The task
Each line of the entries, from the first to the line containing "(\<forall>x\<in>F. \<forall>y\<in>F. x", is to be transcribed exactly as it stands; include no other lines.

[Records contained in a dataset]
----------------
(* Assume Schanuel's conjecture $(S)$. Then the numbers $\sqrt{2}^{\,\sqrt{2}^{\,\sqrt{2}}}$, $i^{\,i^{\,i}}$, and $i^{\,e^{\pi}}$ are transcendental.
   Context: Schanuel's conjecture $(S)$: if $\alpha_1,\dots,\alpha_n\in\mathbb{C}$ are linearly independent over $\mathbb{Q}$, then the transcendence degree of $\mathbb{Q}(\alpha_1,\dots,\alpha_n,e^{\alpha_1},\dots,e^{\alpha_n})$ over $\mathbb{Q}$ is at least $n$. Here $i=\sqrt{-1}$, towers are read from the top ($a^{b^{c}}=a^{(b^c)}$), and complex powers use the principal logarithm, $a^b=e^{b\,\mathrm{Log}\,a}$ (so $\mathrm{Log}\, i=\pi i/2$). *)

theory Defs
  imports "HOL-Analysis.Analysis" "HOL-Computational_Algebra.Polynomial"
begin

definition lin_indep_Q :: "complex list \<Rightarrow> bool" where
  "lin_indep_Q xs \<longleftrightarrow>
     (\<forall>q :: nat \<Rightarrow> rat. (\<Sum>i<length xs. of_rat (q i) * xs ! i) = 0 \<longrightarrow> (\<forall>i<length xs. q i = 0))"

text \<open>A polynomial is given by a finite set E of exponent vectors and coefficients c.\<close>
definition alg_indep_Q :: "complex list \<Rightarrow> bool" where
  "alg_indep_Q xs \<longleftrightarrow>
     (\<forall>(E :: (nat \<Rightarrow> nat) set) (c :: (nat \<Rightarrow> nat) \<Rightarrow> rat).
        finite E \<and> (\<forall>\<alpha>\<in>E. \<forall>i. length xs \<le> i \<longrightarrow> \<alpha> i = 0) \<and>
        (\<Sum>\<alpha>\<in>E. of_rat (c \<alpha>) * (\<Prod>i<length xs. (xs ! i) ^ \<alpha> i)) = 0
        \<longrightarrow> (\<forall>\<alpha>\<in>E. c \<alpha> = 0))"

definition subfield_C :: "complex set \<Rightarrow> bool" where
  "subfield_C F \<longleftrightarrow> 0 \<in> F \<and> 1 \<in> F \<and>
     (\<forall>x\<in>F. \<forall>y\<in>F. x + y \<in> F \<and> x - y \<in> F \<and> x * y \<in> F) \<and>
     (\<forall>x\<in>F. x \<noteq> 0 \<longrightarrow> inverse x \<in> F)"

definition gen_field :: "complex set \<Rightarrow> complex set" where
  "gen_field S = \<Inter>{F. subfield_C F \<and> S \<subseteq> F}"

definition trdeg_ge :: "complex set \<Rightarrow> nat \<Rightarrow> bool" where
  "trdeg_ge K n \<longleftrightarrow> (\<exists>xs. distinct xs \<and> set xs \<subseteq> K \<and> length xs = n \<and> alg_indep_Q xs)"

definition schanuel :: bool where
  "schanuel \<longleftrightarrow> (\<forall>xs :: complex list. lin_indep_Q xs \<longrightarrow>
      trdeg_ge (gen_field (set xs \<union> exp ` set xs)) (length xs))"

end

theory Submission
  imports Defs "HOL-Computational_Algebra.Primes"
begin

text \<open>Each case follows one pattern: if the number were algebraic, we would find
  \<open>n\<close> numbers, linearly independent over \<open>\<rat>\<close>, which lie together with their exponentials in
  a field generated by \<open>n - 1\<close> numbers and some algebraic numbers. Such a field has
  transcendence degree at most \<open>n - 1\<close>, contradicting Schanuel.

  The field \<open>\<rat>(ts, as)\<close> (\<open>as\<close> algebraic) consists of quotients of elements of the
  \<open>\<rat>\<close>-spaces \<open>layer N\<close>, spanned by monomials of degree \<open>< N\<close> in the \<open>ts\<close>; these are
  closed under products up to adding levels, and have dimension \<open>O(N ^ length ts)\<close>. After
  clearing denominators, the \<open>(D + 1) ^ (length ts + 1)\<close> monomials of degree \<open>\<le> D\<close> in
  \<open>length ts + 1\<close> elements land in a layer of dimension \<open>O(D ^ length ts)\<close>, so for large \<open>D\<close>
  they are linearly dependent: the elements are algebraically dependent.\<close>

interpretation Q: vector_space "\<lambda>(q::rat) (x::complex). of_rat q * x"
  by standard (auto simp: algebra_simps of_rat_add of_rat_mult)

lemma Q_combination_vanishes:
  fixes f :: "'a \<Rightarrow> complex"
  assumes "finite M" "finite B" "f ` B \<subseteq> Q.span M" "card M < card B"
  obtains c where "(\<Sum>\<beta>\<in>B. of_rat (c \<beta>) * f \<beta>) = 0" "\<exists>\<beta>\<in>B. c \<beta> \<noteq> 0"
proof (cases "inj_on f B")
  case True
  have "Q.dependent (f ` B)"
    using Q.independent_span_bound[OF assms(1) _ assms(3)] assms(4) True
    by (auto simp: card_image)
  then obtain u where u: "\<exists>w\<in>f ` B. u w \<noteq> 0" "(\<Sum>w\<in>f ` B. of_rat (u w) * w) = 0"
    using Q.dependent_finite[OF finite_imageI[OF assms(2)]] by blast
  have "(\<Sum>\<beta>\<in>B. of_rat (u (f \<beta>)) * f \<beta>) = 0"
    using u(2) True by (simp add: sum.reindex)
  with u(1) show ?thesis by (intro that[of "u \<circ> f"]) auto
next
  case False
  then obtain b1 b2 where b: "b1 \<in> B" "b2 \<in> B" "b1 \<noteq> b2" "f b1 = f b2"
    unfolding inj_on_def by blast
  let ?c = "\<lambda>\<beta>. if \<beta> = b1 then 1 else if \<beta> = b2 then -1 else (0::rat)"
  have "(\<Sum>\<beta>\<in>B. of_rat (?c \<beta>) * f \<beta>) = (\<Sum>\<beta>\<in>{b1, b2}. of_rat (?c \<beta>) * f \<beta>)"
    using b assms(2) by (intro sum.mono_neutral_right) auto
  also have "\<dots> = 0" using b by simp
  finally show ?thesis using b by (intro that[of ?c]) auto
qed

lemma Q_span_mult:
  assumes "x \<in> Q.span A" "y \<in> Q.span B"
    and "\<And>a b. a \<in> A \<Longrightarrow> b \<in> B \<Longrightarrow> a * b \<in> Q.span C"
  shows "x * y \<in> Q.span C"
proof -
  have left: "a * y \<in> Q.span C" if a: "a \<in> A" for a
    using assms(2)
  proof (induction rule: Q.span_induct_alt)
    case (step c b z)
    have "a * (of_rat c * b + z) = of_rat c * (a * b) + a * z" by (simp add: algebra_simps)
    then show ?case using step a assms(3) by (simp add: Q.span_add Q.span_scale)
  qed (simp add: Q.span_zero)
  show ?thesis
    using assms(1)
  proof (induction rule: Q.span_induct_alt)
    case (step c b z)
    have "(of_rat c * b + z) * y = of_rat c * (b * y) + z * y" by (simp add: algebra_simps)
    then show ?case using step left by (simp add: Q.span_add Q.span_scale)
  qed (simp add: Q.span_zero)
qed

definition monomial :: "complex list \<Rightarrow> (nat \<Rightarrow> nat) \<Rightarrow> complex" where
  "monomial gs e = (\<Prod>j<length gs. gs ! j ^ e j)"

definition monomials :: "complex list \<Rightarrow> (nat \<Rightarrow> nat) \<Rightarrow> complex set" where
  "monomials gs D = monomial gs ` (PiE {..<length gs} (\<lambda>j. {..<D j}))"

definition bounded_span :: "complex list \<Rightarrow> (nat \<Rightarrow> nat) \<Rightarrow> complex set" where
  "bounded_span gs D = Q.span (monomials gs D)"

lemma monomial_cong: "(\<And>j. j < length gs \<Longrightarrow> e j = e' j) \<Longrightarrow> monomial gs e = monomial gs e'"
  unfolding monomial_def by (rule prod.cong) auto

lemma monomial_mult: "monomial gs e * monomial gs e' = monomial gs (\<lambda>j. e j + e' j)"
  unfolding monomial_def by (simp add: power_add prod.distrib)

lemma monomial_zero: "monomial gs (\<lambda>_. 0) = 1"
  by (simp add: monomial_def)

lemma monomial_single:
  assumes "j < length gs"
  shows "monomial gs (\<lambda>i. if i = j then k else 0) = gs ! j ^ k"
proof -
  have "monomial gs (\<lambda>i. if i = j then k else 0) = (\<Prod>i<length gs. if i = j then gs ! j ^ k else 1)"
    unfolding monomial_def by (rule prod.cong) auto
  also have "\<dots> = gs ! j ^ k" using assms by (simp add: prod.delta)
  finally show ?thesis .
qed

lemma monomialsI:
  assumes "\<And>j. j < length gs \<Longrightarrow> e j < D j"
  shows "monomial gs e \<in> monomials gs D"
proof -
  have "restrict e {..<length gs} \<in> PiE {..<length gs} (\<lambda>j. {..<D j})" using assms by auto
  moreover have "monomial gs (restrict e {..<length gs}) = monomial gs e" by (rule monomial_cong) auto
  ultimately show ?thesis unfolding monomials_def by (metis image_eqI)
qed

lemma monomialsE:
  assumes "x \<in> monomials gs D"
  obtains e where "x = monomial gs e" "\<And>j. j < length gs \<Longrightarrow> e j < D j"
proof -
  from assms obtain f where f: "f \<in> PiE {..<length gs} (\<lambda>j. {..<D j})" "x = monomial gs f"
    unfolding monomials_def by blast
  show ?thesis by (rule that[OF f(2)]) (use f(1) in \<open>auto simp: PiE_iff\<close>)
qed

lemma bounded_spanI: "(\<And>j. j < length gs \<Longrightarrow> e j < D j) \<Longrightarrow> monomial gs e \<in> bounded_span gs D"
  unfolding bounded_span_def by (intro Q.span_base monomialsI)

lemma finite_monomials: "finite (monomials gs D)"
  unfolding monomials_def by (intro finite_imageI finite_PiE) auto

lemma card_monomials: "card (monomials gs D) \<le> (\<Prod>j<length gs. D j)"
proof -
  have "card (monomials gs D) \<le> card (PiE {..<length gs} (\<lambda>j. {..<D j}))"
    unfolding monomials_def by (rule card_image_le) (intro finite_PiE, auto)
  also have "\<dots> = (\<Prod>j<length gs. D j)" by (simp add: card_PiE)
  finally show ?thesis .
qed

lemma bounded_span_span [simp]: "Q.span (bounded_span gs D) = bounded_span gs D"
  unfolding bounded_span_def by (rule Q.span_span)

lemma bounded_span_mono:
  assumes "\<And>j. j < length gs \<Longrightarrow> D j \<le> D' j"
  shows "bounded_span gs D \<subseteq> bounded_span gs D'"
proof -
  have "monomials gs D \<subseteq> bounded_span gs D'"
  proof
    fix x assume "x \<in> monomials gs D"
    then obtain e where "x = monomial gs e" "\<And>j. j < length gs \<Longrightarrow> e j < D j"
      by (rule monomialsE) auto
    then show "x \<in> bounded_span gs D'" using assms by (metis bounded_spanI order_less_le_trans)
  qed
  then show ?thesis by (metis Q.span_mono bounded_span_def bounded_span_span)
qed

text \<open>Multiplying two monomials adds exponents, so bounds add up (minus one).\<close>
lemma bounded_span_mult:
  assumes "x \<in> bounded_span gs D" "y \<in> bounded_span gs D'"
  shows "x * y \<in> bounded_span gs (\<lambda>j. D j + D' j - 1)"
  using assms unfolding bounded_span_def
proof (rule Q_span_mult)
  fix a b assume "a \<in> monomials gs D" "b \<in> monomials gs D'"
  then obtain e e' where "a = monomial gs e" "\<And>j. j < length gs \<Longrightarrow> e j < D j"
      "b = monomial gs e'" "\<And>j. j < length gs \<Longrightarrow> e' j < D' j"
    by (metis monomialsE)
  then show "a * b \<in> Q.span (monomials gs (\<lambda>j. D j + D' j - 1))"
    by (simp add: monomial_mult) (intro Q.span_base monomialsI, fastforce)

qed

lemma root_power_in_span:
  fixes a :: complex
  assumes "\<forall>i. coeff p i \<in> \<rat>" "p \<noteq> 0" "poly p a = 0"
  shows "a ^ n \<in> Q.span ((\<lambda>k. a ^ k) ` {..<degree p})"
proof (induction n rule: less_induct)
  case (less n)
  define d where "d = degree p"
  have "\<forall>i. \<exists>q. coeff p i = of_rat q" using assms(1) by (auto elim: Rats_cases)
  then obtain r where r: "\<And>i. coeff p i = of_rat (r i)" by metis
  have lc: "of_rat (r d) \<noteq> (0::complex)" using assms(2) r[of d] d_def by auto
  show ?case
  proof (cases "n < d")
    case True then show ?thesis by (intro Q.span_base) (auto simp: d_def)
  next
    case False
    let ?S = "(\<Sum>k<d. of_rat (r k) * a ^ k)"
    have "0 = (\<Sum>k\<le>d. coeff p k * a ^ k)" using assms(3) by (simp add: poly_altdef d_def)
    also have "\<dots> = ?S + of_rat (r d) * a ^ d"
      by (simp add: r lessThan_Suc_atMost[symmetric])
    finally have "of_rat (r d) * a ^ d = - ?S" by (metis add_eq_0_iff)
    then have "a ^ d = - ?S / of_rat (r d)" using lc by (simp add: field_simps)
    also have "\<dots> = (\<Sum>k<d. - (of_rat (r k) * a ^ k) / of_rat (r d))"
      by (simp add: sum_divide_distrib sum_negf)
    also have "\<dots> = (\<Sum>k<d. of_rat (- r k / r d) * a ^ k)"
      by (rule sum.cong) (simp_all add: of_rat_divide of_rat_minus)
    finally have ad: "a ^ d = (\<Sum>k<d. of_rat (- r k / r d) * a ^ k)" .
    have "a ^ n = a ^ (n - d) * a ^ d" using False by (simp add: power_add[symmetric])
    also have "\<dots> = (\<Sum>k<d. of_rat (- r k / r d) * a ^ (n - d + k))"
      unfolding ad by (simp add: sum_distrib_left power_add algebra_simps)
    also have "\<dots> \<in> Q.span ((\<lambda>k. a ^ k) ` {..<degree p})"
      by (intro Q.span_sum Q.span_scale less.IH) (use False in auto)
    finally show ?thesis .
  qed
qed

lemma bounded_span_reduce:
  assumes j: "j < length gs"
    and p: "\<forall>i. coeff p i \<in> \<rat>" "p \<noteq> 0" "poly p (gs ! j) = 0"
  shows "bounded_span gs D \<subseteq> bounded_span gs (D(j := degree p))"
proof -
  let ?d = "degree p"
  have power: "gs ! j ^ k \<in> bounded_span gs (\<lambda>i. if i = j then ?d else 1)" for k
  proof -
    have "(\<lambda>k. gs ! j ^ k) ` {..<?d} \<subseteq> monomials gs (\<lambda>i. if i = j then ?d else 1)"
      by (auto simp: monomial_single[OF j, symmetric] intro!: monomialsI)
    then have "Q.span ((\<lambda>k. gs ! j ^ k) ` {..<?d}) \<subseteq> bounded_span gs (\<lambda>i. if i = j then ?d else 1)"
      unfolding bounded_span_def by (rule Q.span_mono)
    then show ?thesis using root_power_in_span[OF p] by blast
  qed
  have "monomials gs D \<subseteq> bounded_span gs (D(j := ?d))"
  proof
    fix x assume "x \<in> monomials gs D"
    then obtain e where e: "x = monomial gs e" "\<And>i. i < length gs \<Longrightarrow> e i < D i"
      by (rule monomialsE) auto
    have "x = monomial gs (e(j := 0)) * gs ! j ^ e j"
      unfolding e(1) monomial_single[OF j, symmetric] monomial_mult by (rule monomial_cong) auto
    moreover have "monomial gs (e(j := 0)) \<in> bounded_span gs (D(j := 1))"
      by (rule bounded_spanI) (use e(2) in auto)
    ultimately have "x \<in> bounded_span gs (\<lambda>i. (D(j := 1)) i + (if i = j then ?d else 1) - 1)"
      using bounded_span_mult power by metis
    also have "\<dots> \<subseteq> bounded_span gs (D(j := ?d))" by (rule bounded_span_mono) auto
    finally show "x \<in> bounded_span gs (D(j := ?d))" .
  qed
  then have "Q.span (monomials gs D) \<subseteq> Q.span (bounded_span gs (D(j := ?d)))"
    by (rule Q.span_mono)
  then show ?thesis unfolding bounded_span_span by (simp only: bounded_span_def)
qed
----------------
Answer to this problem
(* Assume Schanuel's conjecture $(S)$. Then the numbers $\sqrt{2}^{\,\sqrt{2}^{\,\sqrt{2}}}$, $i^{\,i^{\,i}}$, and $i^{\,e^{\pi}}$ are transcendental.
   Context: Schanuel's conjecture $(S)$: if $\alpha_1,\dots,\alpha_n\in\mathbb{C}$ are linearly independent over $\mathbb{Q}$, then the transcendence degree of $\mathbb{Q}(\alpha_1,\dots,\alpha_n,e^{\alpha_1},\dots,e^{\alpha_n})$ over $\mathbb{Q}$ is at least $n$. Here $i=\sqrt{-1}$, towers are read from the top ($a^{b^{c}}=a^{(b^c)}$), and complex powers use the principal logarithm, $a^b=e^{b\,\mathrm{Log}\,a}$ (so $\mathrm{Log}\, i=\pi i/2$). *)

theory Defs
  imports "HOL-Analysis.Analysis" "HOL-Computational_Algebra.Polynomial"
begin

definition lin_indep_Q :: "complex list \<Rightarrow> bool" where
  "lin_indep_Q xs \<longleftrightarrow>
     (\<forall>q :: nat \<Rightarrow> rat. (\<Sum>i<length xs. of_rat (q i) * xs ! i) = 0 \<longrightarrow> (\<forall>i<length xs. q i = 0))"

text \<open>A polynomial is given by a finite set E of exponent vectors and coefficients c.\<close>
definition alg_indep_Q :: "complex list \<Rightarrow> bool" where
  "alg_indep_Q xs \<longleftrightarrow>
     (\<forall>(E :: (nat \<Rightarrow> nat) set) (c :: (nat \<Rightarrow> nat) \<Rightarrow> rat).
        finite E \<and> (\<forall>\<alpha>\<in>E. \<forall>i. length xs \<le> i \<longrightarrow> \<alpha> i = 0) \<and>
        (\<Sum>\<alpha>\<in>E. of_rat (c \<alpha>) * (\<Prod>i<length xs. (xs ! i) ^ \<alpha> i)) = 0
        \<longrightarrow> (\<forall>\<alpha>\<in>E. c \<alpha> = 0))"

definition subfield_C :: "complex set \<Rightarrow> bool" where
  "subfield_C F \<longleftrightarrow> 0 \<in> F \<and> 1 \<in> F \<and>
     (\<forall>x\<in>F. \<forall>y\<in>F. x + y \<in> F \<and> x - y \<in> F \<and> x * y \<in> F) \<and>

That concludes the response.